Find the word "bool" in the listing. Copy out each line where it occurs.

[Start of Attachment]

(* Let $x\in\mathbb{R}^{2d}$ be in the exterior of $\overline M$. Then $\overline n_+(x)=n_+(x)-n_-(x)=-\overline n_-(x)$, and in particular $\overline R(n_+(x)-n_-(x))\sim x$ and $\overline R(n_-(x)-n_+(x))\sim -x$.
   Context: Work in $\mathbb{R}^{2d}$ with its standard inner product, symplectic form $\omega$ and complex structure $J$. Let $M\subset\mathbb{R}^{2d}$ be a smooth closed quadratically convex hypersurface with the origin inside. For $x\in M$, $R(x)$ is the unique vector with $\omega(v,R(x))=0$ for all $v\in T_xM$ and $\omega(x,R(x))=1$. Write $a\sim b$ if $a,b$ are proportional with a positive coefficient. For $x$ in the exterior of $M$, $n_-(x),n_+(x)\in M$ are the unique points with $R(n_-(x))\sim -x$ and $R(n_+(x))\sim x$; equivalently $n_+(x)=G^{-1}(-Jx/|x|)$ and $n_-(x)=G^{-1}(Jx/|x|)$, where $G:M\to S^{2d-1}$ is the outward normal Gauss map. The symmetrization $\overline M$ of $M$ is the centrally symmetric hypersurface with support function $\bar p(v)=p(v)+p(-v)$ ($p$ the support function of $M$), i.e. the Minkowski sum of $M$ and $-M$; its Gauss map $\overline G$ satisfies $\overline G^{-1}(v)=G^{-1}(v)-G^{-1}(-v)$. The quantities $\overline R$, $\overline n_\pm$ are defined for $\overline M$ exactly as $R$, $n_\pm$ are for $M$. *)

theory Defs
  imports "HOL-Analysis.Analysis"
begin

text \<open>Ambient space R^{2d} = R^d x R^d, points (q,p).\<close>
type_synonym 'd phase = "(real^'d) \<times> (real^'d)"

text \<open>Standard complex structure J(q,p) = (-p,q) and symplectic form omega(u,v) = <Ju,v>
  (= sum dq_i /\ dp_i).\<close>
definition Jmap :: "'d::finite phase \<Rightarrow> 'd phase" where
  "Jmap u = (- snd u, fst u)"

definition omega :: "'d::finite phase \<Rightarrow> 'd phase \<Rightarrow> real" where
  "omega u v = Jmap u \<bullet> v"

definition pos_prop :: "'a::real_vector \<Rightarrow> 'a \<Rightarrow> bool" where
  "pos_prop a b \<longleftrightarrow> (\<exists>c>0. a = c *\<^sub>R b)"

coinductive smooth_fun :: "('a::real_normed_vector \<Rightarrow> real) \<Rightarrow> bool" where
  "(\<forall>x. F differentiable (at x)) \<Longrightarrow>
   (\<forall>v. smooth_fun (\<lambda>x. frechet_derivative F (at x) v)) \<Longrightarrow> smooth_fun F"

definition D2 :: "('a::real_normed_vector \<Rightarrow> real) \<Rightarrow> 'a \<Rightarrow> 'a \<Rightarrow> 'a \<Rightarrow> real" where
  "D2 F x v w = frechet_derivative (\<lambda>y. frechet_derivative F (at y) v) (at x) w"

[End of Attachment]

▸ **Task output**
definition pos_prop :: "'a::real_vector \<Rightarrow> 'a \<Rightarrow> bool" where
coinductive smooth_fun :: "('a::real_normed_vector \<Rightarrow> real) \<Rightarrow> bool" where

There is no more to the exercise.